Efficiency is calculated by considering the correctness score and the length of the agent’s path, relative to a ground truth path. This metric accounts for both accuracy and speed in navigation tasks.
The various EQA Agents used and evaluated were:
- Blind LLMs (LLaMA-2 and GPT-4): These agents provide answers solely based on the text of the question, without any visual context. They serve as a baseline for evaluating the performance of other agents, relying on prior knowledge or random guessing for responses.
- Socratic LLMs w/ Frame Captions (GPT-4 w/ LLaVA-1.5): These agents leverage captions generated from episodic memory frames and aim to provide more informed responses than blind LLMs. They incorporate textual descriptions of scenes to assist in answering questions.
- Socratic LLMs w/ Scene-Graph Captions (GPT-4 w/ ConceptGraph [CG] or Sparse Voxel Map [SVM]): These agents utilize object-centric scene-graph representations of episodic memory, allowing for a better understanding of objects. They construct textual scene graphs from which LLMs can reason over, potentially improving the response accuracy.
- Multi-Frame VLMs (GPT-4V): These agents directly process the entire episodic memory, including visual frames, to answer questions. They offer a comprehensive approach to EQA as they are capable of handling multiple frames.
- Human-Agent: Human participants provide answers to questions based on the episode history, establishing a benchmark for human-level performance in EQA.
- Agents for A-EQA: These agents must generate their observations through exploration, as no explicit episode history is provided. Frontier exploration is used as a baseline approach, with agents generating their episodic memory for answering the questions.

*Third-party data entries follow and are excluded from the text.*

lemma affine_fn_comp:
  assumes g: "affine_fn m g" and s: "affine_map n m s"
  shows "affine_fn n (\<lambda>x. g (s x))"
proof (rule affine_fnI_additive)
  fix x y :: "bool list" assume xy: "length x = n" "length y = n"
  note l = affine_map_length[OF s]
  have "g (s (vadd x y)) = g (vadd (vadd (s x) (s y)) (s (vzero n)))"
    by (simp add: affine_map_additive[OF s xy])
  also have "\<dots> = (g (vadd (s x) (s y)) \<noteq> (g (s (vzero n)) \<noteq> g (vzero m)))"
    using xy by (simp add: affine_fn_additive[OF g] l)
  also have "\<dots> = (g (s x) \<noteq> (g (s y) \<noteq> g (s (vzero n))))"
    using xy by (auto simp: affine_fn_additive[OF g] l)
  finally show "g (s (vadd x y)) = (g (s x) \<noteq> (g (s y) \<noteq> g (s (vzero n))))" .
qed

lemma affine_mapI_components:
  assumes len: "\<And>x. length x = n \<Longrightarrow> length (A x) = m"
    and comp: "\<And>b. length b = m \<Longrightarrow> affine_fn n (\<lambda>x. dotp b (A x))"
  shows "affine_map n m A"
proof (rule affine_mapI_additive[OF len])
  fix x y :: "bool list" assume xy: "length x = n" "length y = n"
  show "A (vadd x y) = vadd (vadd (A x) (A y)) (A (vzero n))"
  proof (rule vec_eqI[of _ m])
    fix b :: "bool list" assume b: "length b = m"
    show "dotp b (A (vadd x y)) = dotp b (vadd (vadd (A x) (A y)) (A (vzero n)))"
      using affine_fn_additive[OF comp[OF b] xy] b xy by (simp add: len dotp_vadd_right) argo
  qed (use len xy in auto)
qed

lemma affine_map_inv:
  assumes s: "affine_map n n s" and bij: "bij_betw s (vecs n) (vecs n)"
  shows "affine_map n n (inv_into (vecs n) s)"
proof (rule affine_mapI_additive)
  let ?t = "inv_into (vecs n) s"
  show tl: "length (?t u) = n" if "length u = n" for u
    using bij_betwE[OF bij_betw_inv_into[OF bij]] that by simp
  have st: "s (?t u) = u" if "length u = n" for u
    using bij f_inv_into_f[of u s "vecs n"] that unfolding bij_betw_def by auto
  have ts: "?t (s x) = x" if "length x = n" for x
    using bij inv_into_f_f[of s "vecs n" x] that unfolding bij_betw_def by auto
  note sl = affine_map_length[OF s] and sadd = affine_map_additive[OF s]
  fix u v :: "bool list" assume uv: "length u = n" "length v = n"
  define x y z where "x = ?t u" and "y = ?t v" and "z = ?t (vzero n)"
  have l: "length x = n" "length y = n" "length z = n"
    unfolding x_def y_def z_def using tl uv by auto
  have "s (vadd (vadd x y) z) = vadd (vadd (s (vadd x y)) (s z)) (s (vzero n))"
    using sadd l by simp
  also have "\<dots> = vadd (vadd (vadd (vadd u v) (s (vzero n))) (vzero n)) (s (vzero n))"
    using sadd l st uv unfolding x_def y_def z_def by simp
  also have "\<dots> = vadd u v" using uv sl[of "vzero n"] by (auto intro!: nth_equalityI)
  finally show "?t (vadd u v) = vadd (vadd (?t u) (?t v)) (?t (vzero n))"
    using ts[of "vadd (vadd x y) z"] l unfolding x_def y_def z_def by simp
qed

lemma linear_map_transpose:
  assumes L: "linear_map m m L" "bij_betw L (vecs m) (vecs m)"
  obtains T where "linear_map m m T" "bij_betw T (vecs m) (vecs m)"
    "\<And>b y. length b = m \<Longrightarrow> length y = m \<Longrightarrow> dotp b (L y) = dotp (T b) y"
proof -
  have Ll: "length (L y) = m" if "length y = m" for y
    using L(1) that unfolding linear_map_def by simp
  have "\<forall>b\<in>vecs m. \<exists>\<beta>. length \<beta> = m \<and> (\<forall>y. length y = m \<longrightarrow> dotp b (L y) = dotp \<beta> y)"
  proof
    fix b :: "bool list" assume "b \<in> vecs m"
    thus "\<exists>\<beta>. length \<beta> = m \<and> (\<forall>y. length y = m \<longrightarrow> dotp b (L y) = dotp \<beta> y)"
      using L(1) Ll unfolding linear_map_def
      by (intro additive_functional_eq_dotp) (simp add: dotp_vadd_right)
  qed
  then obtain T where
    "\<forall>b\<in>vecs m. length (T b) = m \<and> (\<forall>y. length y = m \<longrightarrow> dotp b (L y) = dotp (T b) y)"
    by (rule bchoice[THEN exE])
  hence T: "\<And>b. length b = m \<Longrightarrow> length (T b) = m"
    "\<And>b y. length b = m \<Longrightarrow> length y = m \<Longrightarrow> dotp b (L y) = dotp (T b) y"
    by auto
  have dotp_T: "dotp y (T b) = dotp (L y) b" if "length b = m" "length y = m" for b y
    using T that by (simp add: dotp_commute Ll)
  have "T (vadd b1 b2) = vadd (T b1) (T b2)" if "length b1 = m" "length b2 = m" for b1 b2
    by (rule vec_eqI[of _ m])
      (use that T in \<open>simp_all add: dotp_T dotp_vadd_right dotp_vadd_left Ll\<close>)
  hence lin: "linear_map m m T" unfolding linear_map_def using T(1) by simp
  have inj: "inj_on T (vecs m)"
  proof (rule inj_onI)
    fix b1 b2 assume b: "b1 \<in> vecs m" "b2 \<in> vecs m" "T b1 = T b2"
    show "b1 = b2"
    proof (rule vec_eqI[of _ m])
      fix z :: "bool list" assume "length z = m"
      then obtain y where "length y = m" "z = L y"
        using bij_betw_imp_surj_on[OF L(2)] by (metis imageE mem_vecs)
      thus "dotp z b1 = dotp z b2" using b dotp_T[of b1 y] dotp_T[of b2 y] by simp
    qed (use b in auto)
  qed
  have "T ` vecs m \<subseteq> vecs m" using T(1) by auto
  hence "bij_betw T (vecs m) (vecs m)"
    unfolding bij_betw_def using inj endo_inj_surj[OF finite_vecs _ inj] by blast
  from lin this T(2) show ?thesis by (rule that)
qed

To combat overly conservative behaviour where agents refrain from answering, the Force-A-Guess approach forces agents to make an informed random guess rather than immediately counting abstaining as a failure.
Results Explained
The image shows a detailed breakdown of EM-EQA performance across the seven question categories. EQA agents demonstrate particular strength in functional reasoning and object state recognition, achieving LLM-Match scores averaging around 50%.
Moreover, they perform well in world knowledge questions, showcasing the potential for large language models to contribute significantly.
However, EQA agents struggle notably with spatial reasoning questions. Surprisingly, agents utilizing scene-graph representations show no significant improvement over those using frame-captioning methods, indicating the necessity for further development in understanding spatial concepts and geometry within large models.
Despite these achievements, there remains a considerable performance gap between the best-performing methods and human-level performance.
Meta is coming with many new announcements, whether it’s Llama 3 coming soon, or their AI chatbot coming to WhatsApp.
Conclusion
OpenEQA represents a significant step forward in evaluating an AI agent’s comprehension of physical environments through Embodied Question Answering (EQA).